- Born: June 21, 1899 Frederica, Denmark
- Died: May 24, 1981 (aged 81) Copenhagen, Denmark
- Occupations: Artist, archaeologist, linguist, and ethnologist
- Known for: First university-trained ethnologist to study the Inughuit
- Partner: Joko Holtved

Academic background
- Alma mater: University of Copenhagen

Academic work
- Main interests: Thule culture, Eskimo folklore

= Erik Holtved =

Danish artist, archaeologist, linguist, and ethnologist

Dr. Erik Holtved (Greenlandic nickname: Erissuaq; translation: "Big Eric") (21 June 1899 – 1981) was a Danish artist, archaeologist, linguist, and ethnologist.
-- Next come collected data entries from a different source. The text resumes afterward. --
lemma c_irreducible_if_completely_prime:
  fixes a :: "'a::ring_1_no_zero_divisors"
  assumes "a \<noteq> 0" and prime: "completely_prime (lprinc a)"
  shows "c_irreducible a"
  unfolding c_irreducible_def
proof
  assume "c_reducible a"
  then obtain b b' c' c where units: "\<not> ring_unit c'" "\<not> ring_unit c"
    and ab: "a = b * b'" and ac: "a = c' * c" and "similar b c"
    unfolding c_reducible_def by blast
  obtain s where s: "\<And>y. y * s \<in> lprinc b \<longleftrightarrow> y \<in> lprinc c"
    using similar_obtains_inverse_multiplier[OF \<open>similar b c\<close>] by blast
  have "b' \<noteq> 0" "c \<noteq> 0"
    using \<open>a \<noteq> 0\<close> ab ac by auto
  obtain r where r: "c * s = r * b"
    using s[of c] lprinc_self lprinc_iff by blast
  define z where "z = s * b'"
  have "c * z = r * a"
    using r ab by (simp add: z_def mult.assoc[symmetric])
  then have cz: "c * z \<in> lprinc a"
    using lprinc_iff by blast
  have "a * z = c' * (c * s) * b'"
    using ac by (simp add: z_def mult.assoc)
  also have "\<dots> = (c' * r) * a"
    using r ab by (simp add: mult.assoc)
  finally have az: "a * z = (c' * r) * a" .
  have "\<forall>x\<in>lprinc a. x * z \<in> lprinc a"
  proof
    fix x assume "x \<in> lprinc a"
    then obtain t where "x = t * a"
      unfolding lprinc_iff by blast
    then have "x * z = (t * c' * r) * a"
      using az by (simp add: mult.assoc)
    then show "x * z \<in> lprinc a"
      unfolding lprinc_iff by blast
  qed
  then have "c \<in> lprinc a \<or> z \<in> lprinc a"
    using prime cz unfolding completely_prime_def by blast
  then show False
  proof
    assume "c \<in> lprinc a"
    then have "1 \<in> lprinc c'"
      using ac lprinc_mult_cancel_right[OF \<open>c \<noteq> 0\<close>, of 1 c'] by simp
    then show False
      using units one_in_lprinc_iff by blast
  next
    assume "z \<in> lprinc a"
    then have "1 * s \<in> lprinc b"
      using ab lprinc_mult_cancel_right[OF \<open>b' \<noteq> 0\<close>] by (simp add: z_def)
    then show False
      using units s one_in_lprinc_iff by blast
  qed
qed
lemma Wsp_row: "w \<in> Wsp n k par \<Longrightarrow> supp (\<lambda>S'. w (S',T)) (wedgeV_dom n k)"
  unfolding Wsp_def supp_def wedgeV_dom_def by auto
lemma Wsp_col: "w \<in> Wsp n k par \<Longrightarrow> supp (\<lambda>T'. w (S,T')) (wedgeE_dom n par)"
  unfolding Wsp_def supp_def wedgeE_dom_def by auto
lemma Wsp_row_zero: "w \<in> Wsp n k par \<Longrightarrow> \<not> wedgeE_dom n par T \<Longrightarrow> (\<lambda>S'. w (S',T)) = (\<lambda>S'. 0)"
  unfolding Wsp_def wedgeE_dom_def by fastforce
lemma Wsp_col_zero: "w \<in> Wsp n k par \<Longrightarrow> \<not> wedgeV_dom n k S \<Longrightarrow> (\<lambda>T'. w (S,T')) = (\<lambda>T'. 0)"
  unfolding Wsp_def wedgeV_dom_def by fastforce

lemma act_Wsp: assumes "a \<in> {1..2*n}" "b \<in> {1..2*n}" "w \<in> Wsp n k par"
  shows "act n a b w \<in> Wsp n k par"
  unfolding Wsp_def
proof (intro CollectI allI impI)
  fix S T assume nz: "act n a b w (S,T) \<noteq> 0"
  have "wedgeV_dom n k S \<and> wedgeE_dom n par T"
  proof (cases "rhoV n a b (\<lambda>S'. w (S',T)) S = 0")
    case True
    then have nzS: "rhoS n a b (\<lambda>T'. w (S,T')) T \<noteq> 0" using nz by (simp add: act_def)
    then have "wedgeV_dom n k S" using Wsp_col_zero[OF assms(3)] lin_zero[OF lin_rhoS] by metis
    then show ?thesis using nzS supp_rhoS[OF assms(1,2) Wsp_col[OF assms(3)]] unfolding supp_def by auto
  next
    case False
    then have "wedgeE_dom n par T" using Wsp_row_zero[OF assms(3)] lin_zero[OF lin_rhoV] by metis
    then show ?thesis using False supp_rhoV[OF assms(1,2) Wsp_row[OF assms(3)]] unfolding supp_def by auto
  qed
  then show "S \<subseteq> {1..2*n} \<and> card S = k \<and> T \<subseteq> {1..n} \<and> odd (card T) = par"
    unfolding wedgeV_dom_def wedgeE_dom_def by auto
qed

lemma Emult_Wsp: assumes "x \<in> Wsp n k False" shows "Emult n x \<in> Wmod n (Suc k)"
  unfolding Wmod_Wsp Wsp_def
proof (intro CollectI allI impI)
  fix S T assume nz: "Emult n x (S,T) \<noteq> 0"
  then obtain c where c: "c \<in> {1..2*n}" and nzc: "Eterm n c x (S,T) \<noteq> 0"
    unfolding Emult_def by (meson sum.neutral)
  define g where "g = (\<lambda>S'. clif n (pt n c) (\<lambda>T'. x (S',T')) T)"
  have nzg: "ext c g S \<noteq> 0" using nzc by (simp add: Eterm_def onV_app onS_app g_def)
  have pc: "pt n c \<in> {1..2*n}" using pt_range[OF c] .
  have sg: "supp g (\<lambda>S. S \<subseteq> {1..2*n} \<and> Suc (card S) = Suc k)"
    unfolding supp_def
  proof (intro allI impI)
    fix S' assume "g S' \<noteq> 0"
    then have "wedgeV_dom n k S'" using Wsp_col_zero[OF assms(1), of S'] lin_zero[OF lin_clif] unfolding g_def by metis
    then show "S' \<subseteq> {1..2*n} \<and> Suc (card S') = Suc k" unfolding wedgeV_dom_def by auto
  qed
  have gT: "wedgeE_dom n True T"
  proof -
    obtain S' where "g S' \<noteq> 0" using nzg by (auto simp: ext_def split: if_splits)
    then show ?thesis using supp_clif[OF pc Wsp_col[OF assms(1)], of S'] unfolding g_def supp_def by auto
  qed
  have "wedgeV_dom n (Suc k) S" using supp_ext[OF c sg] nzg unfolding supp_def by auto
  then show "S \<subseteq> {1..2*n} \<and> card S = Suc k \<and> T \<subseteq> {1..n} \<and> odd (card T) = True"
    using gT unfolding wedgeV_dom_def wedgeE_dom_def by auto
qed

lemma wedge_Cons: "wedge_list (x # xs) = ext x (wedge_list xs)"
  by (simp add: wedge_list_def)

lemma foldr_ext: "foldr ext xs (ext y \<alpha>) = (\<lambda>S. (-1)^length xs * ext y (foldr ext xs \<alpha>) S)"
proof (induction xs)
  case Nil then show ?case by simp
next
  case (Cons x xs)
  have "foldr ext (x # xs) (ext y \<alpha>) = ext x (\<lambda>S. (-1)^length xs * ext y (foldr ext xs \<alpha>) S)"
    using Cons by simp
  also have "\<dots> = (\<lambda>S. (-1)^length xs * ext x (ext y (foldr ext xs \<alpha>)) S)" by (simp add: ext_lin)
  also have "\<dots> = (\<lambda>S. (-1)^length (x # xs) * ext y (foldr ext (x # xs) \<alpha>) S)"
    by (simp add: ext_anticomm[of x y])
  finally show ?case .
qed

lemma wedge_snoc: "wedge_list (xs @ [y]) = (\<lambda>S. (-1)^length xs * ext y (wedge_list xs) S)"
  unfolding wedge_list_def by (simp add: foldr_ext)

lemma wedge_supp: "wedge_list xs S \<noteq> 0 \<Longrightarrow> S = set xs \<and> distinct xs"
proof (induction xs arbitrary: S)
  case Nil then show ?case by (simp add: wedge_list_def split: if_splits)
next
  case (Cons x xs)
  then have x: "x \<in> S" and nz: "wedge_list xs (S - {x}) \<noteq> 0"
    by (auto simp: wedge_Cons ext_def split: if_splits)
  from Cons.IH[OF nz] have "S - {x} = set xs" "distinct xs" by auto
  then show ?case using x by auto
qed

definition IF_list :: "nat \<Rightarrow> nat set \<Rightarrow> nat list" where
  "IF_list n I = sorted_list_of_set I @ map (\<lambda>x. x + n) (sorted_list_of_set I)"

definition omega :: "nat \<Rightarrow> nat \<Rightarrow> nat \<Rightarrow> nat set \<Rightarrow> complex" where
  "omega n m i = (\<lambda>S. \<Sum>I\<in>{I. I \<subseteq> {1..n} \<and> card I = m - i - 1}. wedge_list (IF_list n I) S)"

definition phi :: "nat \<Rightarrow> nat \<Rightarrow> nat \<Rightarrow> nat set \<times> nat set \<Rightarrow> complex" where
  "phi n m i = (\<lambda>(S,T). omega n m i S * (if T = {} then 1 else 0))"
lemma point_line_config_of_triples:
  assumes closed: "triple_closed T"
  shows "point_line_config d (config_of_triples d T)"
proof -
  let ?N = "config_of_triples d T"
  have finite_mem: "finite X" if "X \<in> ?N" for X
    using that unfolding config_of_triples_def by (auto intro: finite_subset)
  have downward: "X \<in> ?N" if Y: "Y \<in> ?N" and "X \<subseteq> Y" for X Y
  proof (cases "X = Y")
    case False
    then have "card X < card Y" using psubset_card_mono finite_mem[OF Y] \<open>X \<subseteq> Y\<close> by blast
    then show ?thesis using Y \<open>X \<subseteq> Y\<close> unfolding config_of_triples_def by auto
  qed (use Y in simp)
  have augment: "\<exists>y \<in> Y - X. insert y X \<in> ?N"
    if X: "X \<in> ?N" and Y: "Y \<in> ?N" and less: "card X < card Y" for X Y
  proof (cases "card X \<le> 1")
    case True
    obtain y where y: "y \<in> Y" "y \<notin> X"
      using less card_mono[OF finite_mem[OF X]] by (metis not_le subsetI)
    have "card (insert y X) \<le> 2" using True finite_mem[OF X] y by simp
    then have "insert y X \<in> ?N" using X Y y unfolding config_of_triples_def by auto
    then show ?thesis using y by blast
  next
    case False
    then have "card X = 2" "card Y = 3" "Y \<notin> T"
      using less Y unfolding config_of_triples_def by auto
    then obtain a b p q r where ab: "X = {a,b}" "a \<noteq> b"
      and pqr: "Y = {p,q,r}" "distinct [p,q,r]"
      by (auto simp: card_2_iff card_3_iff)
    obtain y where y: "y \<in> {p,q,r} - {a,b}" "{a,b,y} \<notin> T"
      using triple_closed_exchange[OF closed ab(2) pqr(2)] \<open>Y \<notin> T\<close> pqr(1) by blast
    have "insert y X = {a,b,y}" "card {a,b,y} = 3" using ab y by auto
    then have "insert y X \<in> ?N"
      using X Y y pqr ab unfolding config_of_triples_def by auto
    then show ?thesis using y pqr ab by auto
  qed
  have "?N \<subseteq> Pow {1..d}" "{} \<in> ?N" "\<forall>X. X \<subseteq> {1..d} \<and> card X \<le> 2 \<longrightarrow> X \<in> ?N"
    "\<forall>X \<in> ?N. card X \<le> 3"
    unfolding config_of_triples_def by auto
  moreover have "\<forall>X Y. Y \<in> ?N \<and> X \<subseteq> Y \<longrightarrow> X \<in> ?N" using downward by blast
  moreover have "\<forall>X Y. X \<in> ?N \<and> Y \<in> ?N \<and> card X < card Y \<longrightarrow> (\<exists>y \<in> Y - X. insert y X \<in> ?N)"
    using augment by blast
  ultimately show ?thesis unfolding point_line_config_def matroid_def by simp
qed

lemma dependent_triples_of_triples:
  assumes "T \<subseteq> three_subsets d"
  shows "dependent_triples d (config_of_triples d T) = T"
  using assms unfolding dependent_triples_def three_subsets_def config_of_triples_def by auto

lemma config_of_dependent_triples:
  assumes "point_line_config d N"
  shows "config_of_triples d (dependent_triples d N) = N"
proof -
  have "N \<subseteq> Pow {1..d}" "\<And>X. X \<subseteq> {1..d} \<Longrightarrow> card X \<le> 2 \<Longrightarrow> X \<in> N"
    "\<And>X. X \<in> N \<Longrightarrow> card X \<le> 3"
    using assms unfolding point_line_config_def matroid_def by auto
  then show ?thesis
    unfolding config_of_triples_def dependent_triples_def three_subsets_def by (force simp: le_Suc_eq)
qed

lemma triple_closed_dependent_triples:
  assumes config: "point_line_config d N"
  shows "triple_closed (dependent_triples d N)"
  unfolding triple_closed_def
proof (intro allI impI)
  fix a b c e
  assume H: "distinct [a,b,c,e] \<and> {a,b,c} \<in> dependent_triples d N \<and> {a,b,e} \<in> dependent_triples d N"
  have matroid: "matroid {1..d} N"
    and small: "\<And>X. X \<subseteq> {1..d} \<Longrightarrow> card X \<le> 2 \<Longrightarrow> X \<in> N"
    using config unfolding point_line_config_def by auto
  have "{a,c,e} \<subseteq> {1..d}" "card {a,c,e} = 3" "{a,b} \<in> N"
    using H small[of "{a,b}"] unfolding dependent_triples_def three_subsets_def by auto
  moreover have "{a,c,e} \<notin> N"
  proof
    assume "{a,c,e} \<in> N"
    moreover have "card {a,b} < card {a,c,e}" using H by auto
    ultimately obtain y where "y \<in> {a,c,e} - {a,b}" "insert y {a,b} \<in> N"
      using matroid \<open>{a,b} \<in> N\<close> unfolding matroid_def by meson
    moreover have "{a,b,c} \<notin> N" "{a,b,e} \<notin> N" using H unfolding dependent_triples_def three_subsets_def by auto
    ultimately show False by (auto simp: insert_commute)
  qed
  ultimately show "{a,c,e} \<in> dependent_triples d N" unfolding dependent_triples_def three_subsets_def by blast
qed

lemma dep_le_refl: "dep_le d N N"
  unfolding dep_le_def by blast

lemma dep_le_iff_dependent_triples:
  assumes "point_line_config d N1" "point_line_config d N2"
  shows "dep_le d N1 N2 \<longleftrightarrow> dependent_triples d N1 \<subseteq> dependent_triples d N2"
proof
  assume "dep_le d N1 N2"
  then show "dependent_triples d N1 \<subseteq> dependent_triples d N2"
    unfolding dep_le_def dependent_def dependent_triples_def three_subsets_def by blast
next
  assume "dependent_triples d N1 \<subseteq> dependent_triples d N2"
  then have "X \<notin> config_of_triples d (dependent_triples d N2)"
    if "X \<subseteq> {1..d}" "X \<notin> config_of_triples d (dependent_triples d N1)" for X
    using that unfolding config_of_triples_def dependent_triples_def three_subsets_def by auto
  then show "dep_le d N1 N2"
    unfolding dep_le_def dependent_def using config_of_dependent_triples assms by metis
qed
lemma gamma_0_TrueTwin_ge:
  assumes wf: "wf_dtree (Node TrueTwin l r)"
  obtains i where "i \<le> card (dts l)" "i \<le> card (dts r)"
    "gamma i l + gamma i r \<le> gamma 0 (Node TrueTwin l r)"
proof (cases "gamma 0 (Node TrueTwin l r) = \<infinity>")
  case True
  then show thesis by (intro that[of 0]) simp_all
next
  case False
  then obtain S where S: "k_feasible 0 (Node TrueTwin l r) S"
    "gamma 0 (Node TrueTwin l r) = enat (card S)"
    by (rule gamma_attained)
  then obtain i where Sl: "k_feasible i l (S \<inter> dverts l)" and Sr: "k_feasible i r (S \<inter> dverts r)"
    using k_feasible_TrueTwin_split[OF wf] by blast
  have "S = (S \<inter> dverts l) \<union> (S \<inter> dverts r)" "(S \<inter> dverts l) \<inter> (S \<inter> dverts r) = {}"
    using S(1) wf unfolding k_feasible_def by auto
  then have "card S = card (S \<inter> dverts l) + card (S \<inter> dverts r)"
    by (metis card_Un_disjoint finite_Int finite_dverts)
  then have "gamma i l + gamma i r \<le> gamma 0 (Node TrueTwin l r)"
    using S(2) add_mono[OF gamma_le_card[OF Sl] gamma_le_card[OF Sr]] by simp
  then show thesis
    by (rule that[OF k_feasible_le_card_dts[OF Sl] k_feasible_le_card_dts[OF Sr]])
qed

lemma gamma_0_TrueTwin:
  assumes wf: "wf_dtree (Node TrueTwin l r)"
  shows "gamma 0 (Node TrueTwin l r) =
         (MIN i \<in> {0..min (card (dts l)) (card (dts r))}. gamma i l + gamma i r)"
proof (rule antisym)
  show "gamma 0 (Node TrueTwin l r) \<le>
      (MIN i \<in> {0..min (card (dts l)) (card (dts r))}. gamma i l + gamma i r)"
    using gamma_0_TrueTwin_le[OF wf] by (intro Min.boundedI) auto
next
  obtain i where "i \<le> card (dts l)" "i \<le> card (dts r)"
    and "gamma i l + gamma i r \<le> gamma 0 (Node TrueTwin l r)"
    by (rule gamma_0_TrueTwin_ge[OF wf])
  then show "(MIN i \<in> {0..min (card (dts l)) (card (dts r))}. gamma i l + gamma i r) \<le>
      gamma 0 (Node TrueTwin l r)"
    by (intro Min.coboundedI[THEN order_trans]) auto
qed

theorem lemma11:
  fixes T :: "'a dtree" and V :: "'a set" and E :: "'a set set"
    and vl vr :: "'a dtree"
  assumes "is_decomposition_tree T V E"
    and "distance_hereditary V E"
    and "Node TrueTwin vl vr \<in> subtrees T"
    and "property_P vl" and "property_P vr"
  shows "gamma 0 (Node TrueTwin vl vr) =
         (MIN i \<in> {0..min (card (dts vl)) (card (dts vr))}. gamma i vl + gamma i vr)"
proof -
  have "wf_dtree (Node TrueTwin vl vr)"
    using assms(1,3) wf_dtree_subtree unfolding is_decomposition_tree_def by blast
  then show ?thesis by (rule gamma_0_TrueTwin)
qed

end
lemma finite_M: "finite M"
  using subset finite_F finite_subset by blast

lemma disjoint: "A \<in> M \<Longrightarrow> B \<in> M \<Longrightarrow> A \<noteq> B \<Longrightarrow> A \<inter> B = {}"
  using matching unfolding is_matching_def by blast

lemma member_meets_Union:
  assumes "A \<in> F" "A \<noteq> {}"
  shows "A \<inter> \<Union>M \<noteq> {}"
proof
  assume empty: "A \<inter> \<Union>M = {}"
  then have "A \<notin> M" using assms(2) by blast
  moreover have "card (insert A M) \<le> card M"
    using maximum is_matching_insert[OF matching assms(1) empty] by blast
  ultimately show False using finite_M by simp
qed

lemma no_two_for_one_exchange:
  assumes e: "e \<in> M"
    and f: "f \<in> F" "f \<notin> M" "f \<inter> \<Union>M \<subseteq> e"
    and g: "g \<in> F" "g \<notin> M" "g \<inter> \<Union>M \<subseteq> e"
    and fg: "f \<inter> g = {}" "f \<noteq> g"
  shows False
proof -
  define N where "N = M - {e}"
  have avoids: "A \<inter> \<Union>N = {}" if "A \<inter> \<Union>M \<subseteq> e" for A
    using that disjoint e unfolding N_def by blast
  have "is_matching F (insert g N)"
    using is_matching_insert[OF is_matching_subset[OF matching] g(1) avoids[OF g(3)]]
    unfolding N_def by blast
  then have "is_matching F (insert f (insert g N))"
    using is_matching_insert f(1) avoids[OF f(3)] fg(1) by blast
  then have "card (insert f (insert g N)) \<le> card M" by (rule maximum)
  moreover have "card (insert f (insert g N)) = card M + 1"
    using f(2) g(2) fg(2) e finite_M card_Suc_Diff1[OF finite_M e] unfolding N_def by auto
  ultimately show False by simp
qed

lemma pendant_exclusive:
  assumes lin: "linear_sys F" and unif: "uniform3 F"
    and e: "e \<in> M" "u \<in> e" "v \<in> e" "u \<noteq> v"
    and three: "3 \<le> card (pendant F M v)"
  shows "pendant F M u = {}"
proof
  show "pendant F M u \<subseteq> {}"
  proof
    fix g assume g: "g \<in> pendant F M u"
    obtain T where "T \<subseteq> pendant F M v" "card T = 3"
      using obtain_subset_with_card_n[OF three] by blast
    then obtain f1 f2 f3 where f: "{f1, f2, f3} \<subseteq> pendant F M v" "f1 \<noteq> f2" "f1 \<noteq> f3" "f2 \<noteq> f3"
      by (auto simp: card_3_iff)
    have in_Union: "u \<in> \<Union>M" "v \<in> \<Union>M" using e by auto
    have through_v: "f \<in> F" "v \<in> f" "u \<notin> f" if "f \<in> pendant F M v" for f
      using that in_Union e(4) unfolding pendant_def by auto
    have g': "g \<in> F" "u \<in> g" "v \<notin> g" using g in_Union e(4) unfolding pendant_def by auto
    have "\<exists>f\<in>{f1, f2, f3}. f \<inter> g = {}"
    proof (rule linear_sys_star_avoids_member[OF lin unif _ _ _ f(2-4) _ _ _ g'(3,1,2)])
      show "f1 \<in> F" "f2 \<in> F" "f3 \<in> F" "v \<in> f1" "v \<in> f2" "v \<in> f3"
        using through_v(1,2) f(1) by auto
      show "u \<notin> f1 \<union> f2 \<union> f3" using through_v(3) f(1) by blast
    qed
    then obtain f where f': "f \<in> pendant F M v" "f \<inter> g = {}" using f(1) by blast
    have "f \<noteq> g" using f'(2) through_v(2)[OF f'(1)] g'(3) by blast
    with f' show "g \<in> {}"
      using no_two_for_one_exchange[OF e(1), of f g] g e(2,3) unfolding pendant_def by auto
  qed
qed simp
(* For $n\ge 1$ and $1\le p\le n$ let $b(n,p)$ be the number of $\alpha\in\mathcal{ORCT}^*_n$ with $|\mathrm{Im}\,\alpha|=p$ and exactly one fixed point, and set $b(n,0)=0$ for all $n\ge 0$. Then $b(n,1)=n$ for all $n\ge1$, $b(2,2)=0$, and for all $n\ge p\ge 2$, $$b(n,p)=(n-p+1)\binom{n-2}{p-1}+b(n-2,p-2).$$
   Context: $X_n=\{1,2,\dots,n\}$ with its usual order; maps are written on the right ($x\alpha$). A map $\alpha:X_n\to X_n$ is order-reversing if $x\le y$ implies $x\alpha\ge y\alpha$, and a contraction if $|x\alpha-y\alpha|\le|x-y|$ for all $x,y$. $\mathcal{ORCT}^*_n$ is the set of all order-reversing contractions $X_n\to X_n$ defined on all of $X_n$ (this includes the constant maps). A fixed point of $\alpha$ is $x$ with $x\alpha=x$. Binomial coefficients $\binom{a}{b}$ with $b>a\ge0$ are $0$. *)

theory Defs
  imports Main "HOL-Library.FuncSet"
begin

text \<open>Full transformations of X_n = {1..n}, represented extensionally
  (value undefined outside {1..n}); order-reversing contractions.\<close>
definition ORCT :: "nat \<Rightarrow> (nat \<Rightarrow> nat) set" where
  "ORCT n = {\<alpha> \<in> {1..n} \<rightarrow>\<^sub>E {1..n}.
      (\<forall>x\<in>{1..n}. \<forall>y\<in>{1..n}. x \<le> y \<longrightarrow> \<alpha> y \<le> \<alpha> x) \<and>
      (\<forall>x\<in>{1..n}. \<forall>y\<in>{1..n}. \<bar>int (\<alpha> x) - int (\<alpha> y)\<bar> \<le> \<bar>int x - int y\<bar>)}"
(* Let $Y_n(\omega)=\{f_{l,n}(\omega)\}_{l=1}^{R_n}\subset\mathbb R^d$ ($n\in\mathbb N$) be as in the general framework, fix $\omega\in\Omega$ and $h:\mathbb N\to[0,\infty)$. Suppose there is $\gamma>1$ with $R_n\asymp\gamma^n$, and there exist $c>0$, $s>0$ with $\sum_{n:\,\omega\in B(c,s,n)}h(n)=\infty$. Then the set $\{x\in\mathbb R^d: x\in\bigcup_{l=1}^{R_n}B(f_{l,n}(\omega),(h(n)/R_n)^{1/d})$ for infinitely many $n\}$ has positive Lebesgue measure.
   Context: General framework: $\Omega$ a metric space, $\tilde X\subset\mathbb R^d$ compact, for each $n$ finitely many continuous $f_{l,n}:\Omega\to\tilde X$, $l=1,\ldots,R_n$. $T(Y,r)$ = maximal cardinality of an $r$-separated subset (distinct points at distance $>r$) of finite $Y$. $B(c,s,n)=\{\omega\in\Omega:T(Y_n(\omega),sR_n^{-1/d})/R_n>c\}$. *)

theory Defs
  imports "HOL-Analysis.Analysis" "HOL-Library.Landau_Symbols"
begin

definition separated :: "real \<Rightarrow> 'b::metric_space set \<Rightarrow> bool" where
  "separated r S \<longleftrightarrow> (\<forall>x\<in>S. \<forall>y\<in>S. x \<noteq> y \<longrightarrow> dist x y > r)"

definition Tsep :: "'b::metric_space set \<Rightarrow> real \<Rightarrow> nat" where
  "Tsep Y r = Max {card S | S. S \<subseteq> Y \<and> separated r S}"

definition Yset :: "(nat \<Rightarrow> nat \<Rightarrow> 'a \<Rightarrow> 'b) \<Rightarrow> (nat \<Rightarrow> nat) \<Rightarrow> nat \<Rightarrow> 'a \<Rightarrow> 'b set" where
  "Yset f R n \<omega> = (\<lambda>l. f l n \<omega>) ` {1..R n}"

definition Bset :: "(nat \<Rightarrow> nat \<Rightarrow> 'a \<Rightarrow> 'b::euclidean_space) \<Rightarrow> (nat \<Rightarrow> nat) \<Rightarrow> real \<Rightarrow> real \<Rightarrow> nat \<Rightarrow> 'a set" where
  "Bset f R c s n = {\<omega>. real (Tsep (Yset f R n \<omega>) (s * real (R n) powr (-1 / real DIM('b)))) / real (R n) > c}"

end

theory Submission
  imports Defs
begin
He was the first university-trained ethnologist to study the Inughuit, the northernmost Greenlandic Inuit.

==Career==
Holtved was born in Fredericia, Denmark in 1899.

An artist early on, in 1931, he was selected by Knud Rasmussen to head the Sixth Thule Expedition to Greenland which changed the course of his life. His field trips to Greenland continued in 1932, 1933, 1934, 1935–1937, and 1946–1947. He received his master's degree (1941) and doctorate (1944) at the University of Copenhagen.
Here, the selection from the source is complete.